I'm teaching a novel writing class and we are using the No Plot? No Problem! philosophy of shooting for the word count, quality be damned. It's also a kind of variation on Anne Lamott's idea of Shitty First Drafts. Just get it down, you can fix/revise/cut it later.
However.
However, yesterday as I speed-typed my way to 20,000 words (even I, the teacher, am about 4,000 words behind), my novel took a turn for the weird. And by weird, I mean paranormal, maybe, but it could just be first-person delusion. Or, it could have been a weird coincidence. But, my question to you, oh wise and worldly readers, is: do I go with this weird turn? I'm afraid it might mean that when I reach the 50,000 word mark (the goal), that I will have to cut the last half the book and rewrite that.
Or, I could just say, okay, that's weird, but I can rewrite that little chunk later, and go on with the book as if that weird/paranormal/delusional part never happened. (Except I got a good section of description and I could go back and revise it so it's not so important in the overall plot of the book).
My normal philosophy of writing would be to go with it and see where it takes me. I'm worried, however, that this weird turn will make what I am trying to do (an artsy/noir/mystery type thing) into something else (a paranormal mystery/young adult series). Not that the something else is BAD (though it could be terrible) it's just not what I set out to do.
What to do? What to do?
Please help. For now, I'm stuck.
11 comments:
Even though I am not a "writer"- I do write and teach writing so I say go with it. You never know. Your bad/weird turn could turn out to be the next big thing since Twilight...and no one said that was any good.

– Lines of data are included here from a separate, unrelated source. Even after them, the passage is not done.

(* Let $d \geq 1$. There is a constant $c_d > 0$ depending only on $d$ such that the following holds. Let $t > 0$ and let $(x_n)_{n=1}^{\infty}$ be a sequence in $\mathbb{T}^d$ satisfying $$ \lim_{N \rightarrow \infty}{ \frac{1}{N} \# \left\{ 1 \leq m \neq n \leq N: \|x_m - x_n\|_2 \leq \frac{s}{N^{1/d}} \right\}} = \omega_d s^d$$ for all $0 < s < t$. Then $$\limsup_{N \rightarrow \infty} \sum_{\ell \in \mathbb{Z}^d,\ 1 \leq \| \ell \|_2 \leq t^{-1} N^{1/d}}^{}{ \frac{1}{N^2} \left| \sum_{k=1}^{N}{e^{2 \pi i \langle \ell, x_k\rangle}} \right|^2} \leq \frac{c_d}{t^d}.$$
   Context: $\mathbb{T}^d = \mathbb{R}^d/\mathbb{Z}^d$ is the $d$-dimensional torus, normalized to have volume 1. $\|x_m - x_n\|_2$ denotes the Euclidean distance on the torus, i.e. the minimum of $\|y\|_2$ over all representatives $y \in \mathbb{R}^d$ of $x_m - x_n$. $\omega_d$ denotes the volume of the Euclidean unit ball in $\mathbb{R}^d$. $\langle \cdot,\cdot\rangle$ is the standard inner product. *)

theory Defs
  imports "HOL-Analysis.Analysis"
begin

text \<open>Points of the torus R^d/Z^d are represented by arbitrary representatives in real^'d.\<close>

definition int_lattice :: "(real^'d) set" where
  "int_lattice = {v. \<forall>i. v $ i \<in> \<int>}"

definition torus_dist :: "real^'d \<Rightarrow> real^'d \<Rightarrow> real" where
  "torus_dist x y = Inf {norm (x - y - k) | k. k \<in> int_lattice}"

definition unit_ball_vol :: "'d::finite itself \<Rightarrow> real" where
  "unit_ball_vol _ = measure lborel (ball (0::real^'d) 1)"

Never have a road map. Let language lead you to places you could have never thought to plan to go.
Breathe, meditate, walk the dog--then trust your gut.
Hmmm. A conundrum. I argue that even with a small paranormal event, the book can still be arsty/noiry/literary. Strange things happen. I say go with it. Maybe you'll find a reason later to explain why it's paranormal, maybe you won't but I like what Nate said, let the language guide you.
Read it out loud to someone (or two, different age brackets), beginning somewhere pre the weird turn . . . In the meantime, keep writing.
GG Marquez does a bang-up job of incorporating what I think is called "magic realism" into his novels.....so not necessarily a bad way to go!
I agree with both Nate and Pam. Nothing wrong with seeing where it takes you . . . but also, you could just pick a point and try doing what you were setting out to do. Maybe the two parallel strands will inform each other in interesting ways.
It comes down to how much you may have to force the plot to go in the bizarre way. In one way, you could turn the plot back to where you were trying to go in the first place and later just remove the offending section.
Of course I'm also seeing the other direction, as I experienced it first hand as a reader, where the weirdness overtakes your entire plot and makes it all intolerable garbage in the end. Have you ever read Piers Anthony's novels?
I am a word count/page slave, regardless of what the words are, strange turns included. (latest novel: 2 pages a day, 2 pages a day, no outline) I say go with it. Don't worry about where the book will fit. Your subconscious is working too. I, for one, can't wait to read it!
If it was a work of visual art, my first question to myself would be, is this the same piece, or have I started a second piece here? I work on several things at once pretty frequently (okay, not pretty frequently, but when I'm lucky enough to have 2 or 3 good ideas simultaneously.) I don't think you can decide if it's "good" or "bad" based upon the rules of word count. It's possible that the word-count challenge just woke you up to some latent novel waiting in line in your mental idea queue. Would it be "your book" if the names were changed? Are you "allowed" to write 2 books? I imagine you are allowed to. Plus, pardon my punk rock, but what are these "rules" you're following, Bikini Kilpatrick?
TAKE THE WEIRD TURN... if it interests you, which it sounds like it does. That is the whole point of writing like this, I thought. Plus, if you take the turn now, that'll save the time of endless rewriting later or having to abandon the project later because things feel flat or spend years wishing you had taken that turn. If it is unexpected to you, the writer, then it will be unexpected to the reader. Unexpected is good.